Assigned task: How many lines in the records below contain "intro"? Reply with the number only.

Dataset excerpts:
= = =
lemma restrR_step:
  fixes r a j :: int
  assumes a: "0 < a" "a < r" and X: "Xsys r a X" and XR: "Xsys a ((- r) mod a) XR"
    and j: "0 \<le> j" "j < r" "j \<noteq> r - 1" "(j - a) mod r \<noteq> r - 1"
  shows "restrR r a (X j) l - XR (j mod a) l =
    restrR r a (X ((j - a) mod r)) l - XR ((j - a) mod r mod a) l"
proof -
  have X_step: "(\<lambda>l. X j l - X ((j - a) mod r) l) = (\<lambda>l. Zdiv r a j l - Zdiv r a (j + 1) l)"
    using Xsys_step[OF X j(1,2)] j by (simp add: fun_eq_iff)
  show ?thesis
  proof (cases "a \<le> j")
    case True
    have "(j - a) mod r = j - a"
      using True j(2) a(1) by simp
    moreover have "(j + (- 1) * a) mod a = j mod a"
      by (rule mod_mult_self1)
    ultimately show ?thesis
      using restrR_diff[OF X_step, of r a l] True j a by (simp add: restrR_Zdiv_ge)
  next
    case False
    have "(j - a) mod r = (j + (r - a) + (- 1) * r) mod r"
      by simp
    then have ja: "(j - a) mod r = j + (r - a)"
      using False j(1) a(2) by (simp only: mod_mult_self1) simp
    then have "j + 1 < a"
      using False j by auto
    have "(j - (- r) mod a) mod a = (j + (r - a) + 1 * a) mod a"
      by (simp add: mod_diff_right_eq)
    also have "\<dots> = (j + (r - a)) mod a"
      by (rule mod_mult_self1)
    finally have "XR j l - XR ((j + (r - a)) mod a) l =
        Zdiv a ((- r) mod a) j l - Zdiv a ((- r) mod a) (j + 1) l"
      using Xsys_step[OF XR, of j l] False j \<open>j + 1 < a\<close> by simp
    then show ?thesis
      using restrR_diff[OF X_step, of r a l] False j a \<open>j + 1 < a\<close> ja
      by (simp add: restrR_Zdiv_lt)
  qed
qed

lemma restrL_Xdiv:
  fixes r a i :: int
  assumes a: "0 < a" "a < r" and coprime: "coprime a r" and i: "0 \<le> i" "i \<le> r - 2"
  shows "restrL r a (Xdiv r a i) = Xdiv (r - a) (r mod (r - a)) (i mod (r - a))"
proof -
  have X: "Xsys r a (Xdiv r a)"
    using Xsys_Xdiv[OF _ coprime] a by simp
  have XL: "Xsys (r - a) (r mod (r - a)) (Xdiv (r - a) (r mod (r - a)))"
    using Xsys_Xdiv[OF _ coprime_mod_diff[OF coprime a(2)]] a by simp
  let ?Y = "\<lambda>j l. restrL r a (Xdiv r a j) l - Xdiv (r - a) (r mod (r - a)) (j mod (r - a)) l"
  have "?Y i = ?Y 0"
    by (rule mod_shift_invariant_off_point[OF coprime, where p = "r - 1"])
      (use a i in \<open>auto intro!: ext restrL_step[OF a X XL]\<close>)
  moreover have "?Y 0 = (\<lambda>l. 0)"
    using X XL by (simp add: Xsys_def restrL_Ediv)
  ultimately show ?thesis
    by (simp add: fun_eq_iff)
qed

lemma restrR_Xdiv:
  fixes r a i :: int
  assumes a: "0 < a" "a < r" and coprime: "coprime a r" and i: "0 \<le> i" "i \<le> r - 2"
  shows "restrR r a (Xdiv r a i) = Xdiv a ((- r) mod a) (i mod a)"
proof -
  have X: "Xsys r a (Xdiv r a)"
    using Xsys_Xdiv[OF _ coprime] a by simp
  have XR: "Xsys a ((- r) mod a) (Xdiv a ((- r) mod a))"
    using Xsys_Xdiv[OF a(1) coprime_uminus_mod[OF coprime a(1)]] .
  let ?Y = "\<lambda>j l. restrR r a (Xdiv r a j) l - Xdiv a ((- r) mod a) (j mod a) l"
  have "?Y i = ?Y 0"
    by (rule mod_shift_invariant_off_point[OF coprime, where p = "r - 1"])
      (use a i in \<open>auto intro!: ext restrR_step[OF a X XR]\<close>)
  moreover have "?Y 0 = (\<lambda>l. 0)"
    using X XR by (simp add: Xsys_def restrR_Ediv)
  ultimately show ?thesis
    by (simp add: fun_eq_iff)
qed

theorem mainTheorem4:
  fixes r a i :: int
  assumes "0 < a" and "a < r" and "coprime a r"
    and "0 \<le> i" and "i \<le> r - 2"
  shows "restrL r a (Xdiv r a i) = Xdiv (r - a) (r mod (r - a)) (i mod (r - a)) \<and>
         restrR r a (Xdiv r a i) = Xdiv a ((- r) mod a) (i mod a)"
  using restrL_Xdiv[OF assms] restrR_Xdiv[OF assms] by blast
= = =
The completed task: 2